=== TASK PROMPT ===
Could you repeat, word for word, every line from the one containing "V2 E \<and>" through the final line of the records below, and nothing else?

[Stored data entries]
--
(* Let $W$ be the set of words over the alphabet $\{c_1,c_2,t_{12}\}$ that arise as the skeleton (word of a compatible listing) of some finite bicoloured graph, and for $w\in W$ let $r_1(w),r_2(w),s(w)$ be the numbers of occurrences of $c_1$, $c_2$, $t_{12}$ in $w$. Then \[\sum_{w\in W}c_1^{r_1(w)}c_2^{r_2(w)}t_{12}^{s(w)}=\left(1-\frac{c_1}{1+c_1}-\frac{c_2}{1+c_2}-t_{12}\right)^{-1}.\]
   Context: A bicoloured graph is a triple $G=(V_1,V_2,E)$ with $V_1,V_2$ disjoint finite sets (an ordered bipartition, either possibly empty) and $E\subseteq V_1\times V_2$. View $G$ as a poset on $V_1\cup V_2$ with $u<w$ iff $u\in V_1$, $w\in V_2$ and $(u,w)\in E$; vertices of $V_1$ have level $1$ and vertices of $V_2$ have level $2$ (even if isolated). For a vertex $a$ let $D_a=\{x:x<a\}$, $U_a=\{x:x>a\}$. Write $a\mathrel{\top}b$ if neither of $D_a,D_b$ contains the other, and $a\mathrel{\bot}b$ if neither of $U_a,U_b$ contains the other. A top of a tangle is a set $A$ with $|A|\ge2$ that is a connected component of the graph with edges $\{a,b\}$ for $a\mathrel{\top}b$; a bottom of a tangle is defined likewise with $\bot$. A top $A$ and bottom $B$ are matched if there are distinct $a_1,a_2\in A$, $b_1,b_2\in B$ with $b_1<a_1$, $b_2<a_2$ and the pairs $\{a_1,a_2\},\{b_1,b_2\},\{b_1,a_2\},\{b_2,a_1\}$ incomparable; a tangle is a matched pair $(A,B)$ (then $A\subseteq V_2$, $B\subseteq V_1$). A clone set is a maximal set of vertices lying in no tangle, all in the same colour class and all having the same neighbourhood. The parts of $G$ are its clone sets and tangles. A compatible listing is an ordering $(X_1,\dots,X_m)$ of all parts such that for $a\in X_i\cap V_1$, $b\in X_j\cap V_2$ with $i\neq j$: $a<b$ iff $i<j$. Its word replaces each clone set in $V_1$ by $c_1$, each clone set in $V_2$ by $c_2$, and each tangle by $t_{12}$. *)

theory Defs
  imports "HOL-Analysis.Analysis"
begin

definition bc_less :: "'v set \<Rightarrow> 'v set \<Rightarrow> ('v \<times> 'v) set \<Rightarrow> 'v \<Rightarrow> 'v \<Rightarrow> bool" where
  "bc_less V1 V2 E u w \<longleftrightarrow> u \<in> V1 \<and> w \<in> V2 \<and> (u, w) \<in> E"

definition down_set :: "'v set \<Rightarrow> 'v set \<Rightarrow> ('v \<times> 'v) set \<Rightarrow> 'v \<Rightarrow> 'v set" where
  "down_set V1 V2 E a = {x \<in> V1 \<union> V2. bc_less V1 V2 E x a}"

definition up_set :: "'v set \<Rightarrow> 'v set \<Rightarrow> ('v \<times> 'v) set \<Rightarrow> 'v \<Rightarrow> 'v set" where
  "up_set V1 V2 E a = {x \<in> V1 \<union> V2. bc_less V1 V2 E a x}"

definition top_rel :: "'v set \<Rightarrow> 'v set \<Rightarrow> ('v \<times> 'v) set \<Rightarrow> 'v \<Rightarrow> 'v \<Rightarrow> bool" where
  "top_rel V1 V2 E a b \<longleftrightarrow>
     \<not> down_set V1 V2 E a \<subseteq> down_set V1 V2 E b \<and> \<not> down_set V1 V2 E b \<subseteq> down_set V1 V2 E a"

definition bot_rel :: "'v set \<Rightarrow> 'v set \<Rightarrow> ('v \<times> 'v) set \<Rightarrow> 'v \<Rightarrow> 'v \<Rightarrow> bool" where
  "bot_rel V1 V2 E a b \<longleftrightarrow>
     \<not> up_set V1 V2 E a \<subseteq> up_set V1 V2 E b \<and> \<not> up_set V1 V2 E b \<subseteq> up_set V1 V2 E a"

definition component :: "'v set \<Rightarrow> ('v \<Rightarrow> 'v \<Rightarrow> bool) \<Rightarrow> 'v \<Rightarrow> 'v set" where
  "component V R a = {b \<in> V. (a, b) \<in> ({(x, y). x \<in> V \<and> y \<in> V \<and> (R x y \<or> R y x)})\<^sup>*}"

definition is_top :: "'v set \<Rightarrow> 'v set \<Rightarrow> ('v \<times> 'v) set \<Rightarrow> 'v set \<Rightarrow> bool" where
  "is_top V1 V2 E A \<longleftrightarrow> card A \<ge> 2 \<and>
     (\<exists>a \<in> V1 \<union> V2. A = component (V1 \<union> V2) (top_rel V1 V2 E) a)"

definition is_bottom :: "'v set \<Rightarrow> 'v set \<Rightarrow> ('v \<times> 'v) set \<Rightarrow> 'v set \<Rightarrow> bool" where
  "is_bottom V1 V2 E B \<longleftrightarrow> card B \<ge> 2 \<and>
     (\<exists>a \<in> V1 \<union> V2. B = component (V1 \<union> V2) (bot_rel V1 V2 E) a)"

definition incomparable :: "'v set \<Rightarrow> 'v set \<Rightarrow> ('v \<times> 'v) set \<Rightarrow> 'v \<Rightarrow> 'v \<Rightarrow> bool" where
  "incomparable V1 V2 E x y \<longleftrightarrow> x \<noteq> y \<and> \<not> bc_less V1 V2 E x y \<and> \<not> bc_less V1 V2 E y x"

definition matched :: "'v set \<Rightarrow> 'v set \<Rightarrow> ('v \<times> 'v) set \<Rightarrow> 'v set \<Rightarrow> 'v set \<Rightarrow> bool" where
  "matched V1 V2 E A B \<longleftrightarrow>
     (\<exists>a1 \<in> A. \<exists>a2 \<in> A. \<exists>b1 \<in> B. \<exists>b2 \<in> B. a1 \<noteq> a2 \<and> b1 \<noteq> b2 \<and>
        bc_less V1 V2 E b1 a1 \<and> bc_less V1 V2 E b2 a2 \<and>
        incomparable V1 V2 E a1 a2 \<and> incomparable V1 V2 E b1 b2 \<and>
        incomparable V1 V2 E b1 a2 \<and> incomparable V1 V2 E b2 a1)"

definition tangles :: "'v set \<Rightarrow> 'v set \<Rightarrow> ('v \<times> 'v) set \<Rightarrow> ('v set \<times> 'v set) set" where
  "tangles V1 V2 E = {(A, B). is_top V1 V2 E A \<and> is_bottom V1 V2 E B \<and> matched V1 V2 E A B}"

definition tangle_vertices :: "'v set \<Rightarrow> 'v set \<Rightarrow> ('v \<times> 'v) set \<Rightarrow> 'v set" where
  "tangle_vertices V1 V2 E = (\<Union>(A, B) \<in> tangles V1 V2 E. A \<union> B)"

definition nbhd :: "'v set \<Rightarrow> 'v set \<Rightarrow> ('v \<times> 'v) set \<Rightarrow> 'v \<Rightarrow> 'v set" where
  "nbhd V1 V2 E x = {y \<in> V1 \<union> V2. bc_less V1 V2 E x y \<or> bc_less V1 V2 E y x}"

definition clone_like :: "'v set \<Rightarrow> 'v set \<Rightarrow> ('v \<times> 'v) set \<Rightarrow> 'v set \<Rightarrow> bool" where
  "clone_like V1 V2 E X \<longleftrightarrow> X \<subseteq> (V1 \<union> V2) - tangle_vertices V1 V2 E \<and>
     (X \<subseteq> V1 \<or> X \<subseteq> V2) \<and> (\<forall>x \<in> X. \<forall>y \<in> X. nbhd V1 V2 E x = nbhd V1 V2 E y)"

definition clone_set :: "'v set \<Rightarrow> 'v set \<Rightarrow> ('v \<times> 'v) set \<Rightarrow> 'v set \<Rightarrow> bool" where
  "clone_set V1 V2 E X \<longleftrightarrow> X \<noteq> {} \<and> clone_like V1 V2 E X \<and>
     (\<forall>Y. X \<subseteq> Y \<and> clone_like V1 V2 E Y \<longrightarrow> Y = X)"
--
=== SOLVED PROBLEM ===
  "clone_like V1 V2 E X \<longleftrightarrow> X \<subseteq> (V1 \<union> V2) - tangle_vertices V1 V2 E \<and>
     (X \<subseteq> V1 \<or> X \<subseteq> V2) \<and> (\<forall>x \<in> X. \<forall>y \<in> X. nbhd V1 V2 E x = nbhd V1 V2 E y)"

definition clone_set :: "'v set \<Rightarrow> 'v set \<Rightarrow> ('v \<times> 'v) set \<Rightarrow> 'v set \<Rightarrow> bool" where
  "clone_set V1 V2 E X \<longleftrightarrow> X \<noteq> {} \<and> clone_like V1 V2 E X \<and>
     (\<forall>Y. X \<subseteq> Y \<and> clone_like V1 V2 E Y \<longrightarrow> Y = X)"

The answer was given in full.